The 2018 Top Challenge League First Stage fixtures are:

==Second Stage Group A==

===Standings===

The standings for the 2018 Top Challenge League Second Stage Group A are:

2018 Top Challenge League Second Stage Group A standings
| Pos | Team | P | W | D | L | PF | PA | PD | TF | TA | S1B | TB | LB | Pts |
| 1 | NTT DoCoMo Red Hurricanes | 3 | 3 | 0 | 0 | 115 | 23 | +92 | 17 | 2 | 2 | 2 | 0 | 16 |
| 2 | Mitsubishi Sagamihara DynaBoars | 3 | 2 | 0 | 1 | 64 | 71 | −7 | 9 | 11 | 1 | 1 | 0 | 10 |
| 3 | Kintetsu Liners | 3 | 1 | 0 | 2 | 82 | 50 | +32 | 12 | 6 | 3 | 1 | 0 | 8 |
| 4 | Kurita Water Gush | 3 | 0 | 0 | 3 | 14 | 131 | −117 | 2 | 21 | 0 | 0 | 0 | 0 |
Legend: P = Games played, W = Games won, D = Games drawn, L = Games lost, PF = Points for, PA = Points against, PD = Points difference, TF = Tries for, TA = Tries against, S1B = Stage 1 Bonus Points, TB = Try bonus points, LB = Losing bonus points, Pts = Log points.

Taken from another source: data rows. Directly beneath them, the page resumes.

theorem theorem2:
  fixes n :: nat and f g :: "(nat \<Rightarrow> nat) \<Rightarrow> real" and v :: "nat \<Rightarrow> nat"
  assumes "n \<ge> 3"
    and "star_eigenfunction n f (real n - 2)"
    and "star_eigenfunction n g (real n - 2)"
    and "v \<in> star_vertices n"
    and "\<forall>x\<in>second_nbhd n v. f x = g x"
  shows "\<forall>x\<in>star_vertices n. f x = g x"
proof
  fix x assume x: "x \<in> star_vertices n"
  have "star_eigenspace n (real n - 2) (\<lambda>x. f x - g x)"
    using assms(2,3) by (intro star_eigenspace_diff star_eigenfunction_eigenspace)
  moreover have "f (v \<circ> \<tau> 1 i \<circ> \<tau> 1 j) - g (v \<circ> \<tau> 1 i \<circ> \<tau> 1 j) = 0"
    if "i \<in> {2..n}" "j \<in> {2..n}" "i \<noteq> j" for i j
    using assms(5) comp_transpose_transpose_in_second_nbhd[OF assms(4) that] by simp
  ultimately have "f x - g x = 0"
    using star_eigenspace_zero_of_zero_two_steps[OF _ assms(1,4) _ x] by blast
  then show "f x = g x" by simp
qed

end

- Kintetsu Liners, Kurita Water Gush, Mitsubishi Sagamihara DynaBoars and NTT DoCoMo Red Hurricanes qualified for the promotion play-offs.

==Second Stage Group B==

===Standings===

The standings for the 2018 Top Challenge League Second Stage Group B are:

2018 Top Challenge League Second Stage Group B standings
| Pos | Team | P | W | D | L | PF | PA | PD | TF | TA | S1B | TB | LB | Pts |
| 5 | Kyuden Voltex | 3 | 2 | 0 | 1 | 89 | 49 | +40 | 14 | 6 | 0 | 2 | 1 | 11 |
| 6 | Mazda Blue Zoomers | 3 | 2 | 0 | 1 | 80 | 91 | −11 | 10 | 14 | 2 | 0 | 0 | 10 |
| 7 | Kamaishi Seawaves | 3 | 1 | 0 | 2 | 87 | 89 | −2 | 12 | 12 | 3 | 1 | 1 | 9 |
| 8 | Chugoku Red Regulions | 3 | 1 | 0 | 2 | 47 | 74 | −27 | 6 | 10 | 1 | 0 | 1 | 6 |
Legend: P = Games played, W = Games won, D = Games drawn, L = Games lost, PF = Points for, PA = Points against, PD = Points difference, TF = Tries for, TA = Tries against, S1B = Stage 1 Bonus Points, TB = Try bonus points, LB = Losing bonus points, Pts = Log points.

- Kyuden Voltex and Mazda Blue Zoomers remain in the Top Challenge League for 2019.
- Chugoku Red Regulions and Kamaishi Seawaves qualify for the relegation play-offs.

== Relegation play-offs ==

- Top Challenge League side Kamaishi Seawaves won their match to remain in the Top Challenge League for 2019.
- Top Challenge League side Chugoku Red Regulions lost their match and was relegated to the Top Kyūshū League for 2019.
- Top League East side Shimizu Blue Sharks won their match to win promotion to the Top Challenge League for 2019.
- Top League West side Chubu Electric Power lost their match to remain in the Top League West for 2019.